Le doublé d'Harrington
Très incertain en début de semaine encore en raison d'une douleur tenace au poignet, Padraig Harrington a remporté dimanche le British Open au prix d'un quatrième tour rondement maîtrisé et marqué par la traditionnelle déroute du surprenant Greg Norman. L'Irlandais, qui conserve ainsi sa couronne, s'adjuge là son 2e tournoi du Grand Chelem et rejoint ainsi le grand absent de cette édition, Tiger Woods, vainqueur en 2005 et 2006.
Padraig Harrington conserve son titre à l'Omnium de Grande-Bretagne. (Reuters)
Gageons que celui-ci, eu égard à son inattendue performance, lui laissera moins de regrets que ses six précédents dérapages dont le plus célèbre reste les six coups d'avance envolés face à Nick Faldo lors du Masters 1996. Il faut dire que voir celui qui partage depuis le mois dernier sa vie avec l'ex-reine des courts de tennis, Chris Evert, aux premières loges tout au long de ce week-end pour assister à la renaissance de son mari de champion, réussir un tel tour de force, alors qu'il était censé préparer là le British Open Senior disputé à Troon la semaine prochaine, laisse pantois.
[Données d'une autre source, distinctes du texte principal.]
(* Let $\mu$ be a joint distribution of a triple $(X,A,Y)$ with $X\in\mathcal{X}\subseteq\mathbb{R}^d$, $A\in\{0,1\}$ with $\Pr(A=0),\Pr(A=1)>0$, and $Y\in[-1,1]$. Let $h:\mathcal{X}\to\mathbb{R}$ be measurable and $\widehat{Y}=h(X)$. If $\widehat{Y}$ is statistically independent of $A$ (statistical parity), then for every $p\geq 1$, $$\varepsilon_{p,\mu_0}(\widehat{Y})+\varepsilon_{p,\mu_1}(\widehat{Y})\geq W_p(Y_\sharp\mu_0,Y_\sharp\mu_1).$$
   Context: For $a\in\{0,1\}$, $\mu_a$ is the conditional distribution of $(X,Y)$ given $A=a$. For a distribution $\nu$, $\varepsilon_{p,\nu}(\widehat{Y}):=\left(\mathbb{E}_\nu[|\widehat{Y}-Y|^p]\right)^{1/p}$. $Y_\sharp\mu_a$ denotes the distribution of $Y$ under $\mu_a$. $W_p(\nu,\nu')=\left(\inf_{\gamma\in\Gamma(\nu,\nu')}\int|t-t'|^p\,d\gamma(t,t')\right)^{1/p}$ is the $p$-Wasserstein distance, where $\Gamma(\nu,\nu')$ is the set of couplings of $\nu$ and $\nu'$. *)

theory Defs
  imports "HOL-Probability.Probability"
begin

definition ennpowr :: "ennreal \<Rightarrow> real \<Rightarrow> ennreal" where
  "ennpowr x r = (if x = \<infinity> then \<infinity> else ennreal (enn2real x powr r))"

definition cond_measure :: "'o measure \<Rightarrow> ('o \<Rightarrow> nat) \<Rightarrow> nat \<Rightarrow> 'o measure" where
  "cond_measure M A a = uniform_measure M {\<omega> \<in> space M. A \<omega> = a}"

definition eps_p :: "real \<Rightarrow> 'o measure \<Rightarrow> ('o \<Rightarrow> real) \<Rightarrow> ('o \<Rightarrow> real) \<Rightarrow> ennreal" where
  "eps_p p \<nu> Yhat Y = ennpowr (\<integral>\<^sup>+ \<omega>. ennreal (\<bar>Yhat \<omega> - Y \<omega>\<bar> powr p) \<partial>\<nu>) (1 / p)"

definition couplings :: "real measure \<Rightarrow> real measure \<Rightarrow> (real \<times> real) measure set" where
  "couplings \<nu> \<nu>' = {\<gamma>. sets \<gamma> = sets (borel \<Otimes>\<^sub>M borel) \<and> prob_space \<gamma> \<and>
       distr \<gamma> borel fst = \<nu> \<and> distr \<gamma> borel snd = \<nu>'}"

definition wasserstein :: "real \<Rightarrow> real measure \<Rightarrow> real measure \<Rightarrow> ennreal" where
  "wasserstein p \<nu> \<nu>' = ennpowr
     (INF \<gamma>\<in>couplings \<nu> \<nu>'. \<integral>\<^sup>+ z. ennreal (\<bar>fst z - snd z\<bar> powr p) \<partial>\<gamma>) (1 / p)"

end

theory Submission
  imports Defs
begin

(* Statistical parity means that Yhat = h X has the same law under mu_0 and mu_1. Gluing mu_0
   and mu_1 along Yhat would give a coupling of the two laws of Y on which
   |Y - Y'| <= |Y - Yhat| + |Yhat' - Y'|, and Minkowski's inequality would bound its p-cost by
   (eps_0 + eps_1)^p. Exact gluing needs disintegration, so Yhat is only matched up to a grid of
   mesh delta: on each cell of positive mass the two conditional laws are coupled independently.
   This costs an extra delta in the triangle inequality, and delta -> 0 gives the claim. *)

lemma convex_on_powr_nonneg:
  fixes p :: real
  assumes "p \<ge> 1" shows "convex_on {0..} (\<lambda>x. x powr p)"
proof (rule convex_onI)
  fix t x y :: real assume t: "0 < t" "t < 1" and x: "x \<in> {0..}" and y: "y \<in> {0..}"
  have shrink: "(s * z) powr p \<le> s * z powr p" if "0 \<le> s" "s \<le> 1" "0 \<le> z" for s z :: real
    using powr_mono'[of 1 p s] that assms by (simp add: powr_mult mult_right_mono)
  show "((1 - t) *\<^sub>R x + t *\<^sub>R y) powr p \<le> (1 - t) * x powr p + t * y powr p"
  proof (cases "x = 0 \<or> y = 0")
    case True
    then show ?thesis using shrink[of t y] shrink[of "1 - t" x] t x y assms by auto
  next
    case False
    then show ?thesis using convex_onD[OF powr_convex[OF assms], of t x y] x y t by auto
  qed
qed simp

lemma powr_add_le_weighted:
  fixes x y a b p :: real
  assumes "x \<ge> 0" "y \<ge> 0" "a > 0" "b > 0" "p \<ge> 1"
  shows "(x + y) powr p \<le> (a + b) powr (p - 1) * (x powr p / a powr (p - 1) + y powr p / b powr (p - 1))"
proof -
  define t where "t = b / (a + b)"
  have pa: "a powr p = a * a powr (p - 1)" and pb: "b powr p = b * b powr (p - 1)"
    using assms by (simp_all add: powr_mult_base)
  have pos: "a powr (p - 1) > 0" "b powr (p - 1) > 0" "a + b > 0"
    using assms by simp_all
  have t: "0 \<le> t" "t \<le> 1" "1 - t = a / (a + b)" using assms by (auto simp: t_def field_simps)
  have "((x + y) / (a + b)) powr p = ((1 - t) *\<^sub>R (x / a) + t *\<^sub>R (y / b)) powr p"
    unfolding t(3) using assms by (simp add: t_def add_divide_distrib)
  also have "\<dots> \<le> (1 - t) * (x / a) powr p + t * (y / b) powr p"
    using convex_onD[OF convex_on_powr_nonneg[OF \<open>p \<ge> 1\<close>], of t "x / a" "y / b"] t assms by simp
  also have "\<dots> = (x powr p / a powr (p - 1) + y powr p / b powr (p - 1)) / (a + b)"
  proof -
    have "(1 - t) * (x / a) powr p = x powr p / a powr (p - 1) / (a + b)"
      using assms pos unfolding t(3) by (simp add: powr_divide pa)
    moreover have "t * (y / b) powr p = y powr p / b powr (p - 1) / (a + b)"
      using assms pos unfolding t_def by (simp add: powr_divide pb)
    ultimately show ?thesis by (simp add: add_divide_distrib)
  qed
  finally show ?thesis
    using assms by (simp add: powr_divide powr_diff field_simps)
qed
Norman trois jours durant aura su se sortir des pièges de cette édition 2008 et géré jusqu'à dimanche ce maudit vent et ces bourrasques mesurées jusqu'à 65 km/h sur ce parcours du Royal Birkdale (par 70). Leader vendredi à l'issue du cut le plus élevé depuis Carnoustie 1999, le Coréen KJ Choi, qui rêvait de devenir le premier Asiatique vainqueur d'un Grand Chelem, pourra témoigner, lui qui enchaîna ce week-end deux terribles cartes de 75 et 79.
L'ironie de l'histoire aurait été grande de voir Norman, ce retraité sur le retour empocher pour la troisième fois la mise dans l'épreuve après ses succès en 1986 et 1993 là où tant de prétendants s'étaient sentis libérés par l'absence du maître du circuit, Tiger Woods, blessé et forfait. Autant de vainqueurs en puissance du British qui, à l'image du Sud-Africain Ernie Els (7e), limitant les dégâts dimanche (69) après trois jours quelconques, du n°2 mondial Phil Mickelson seulement 19e, du dauphin de 2007, Sergio Garcia (51e), des Anglais Lee Westwood et Justin Rose (67e et 70e), et plus encore des Ogilvy, Singh et autre O'Meara, incapables de passer le cut, sont tombés de haut. Dans ces conditions, la présence de deux Français, Grégory Havret et Jean van de Velde dans le Top 20 semble presque inespéré...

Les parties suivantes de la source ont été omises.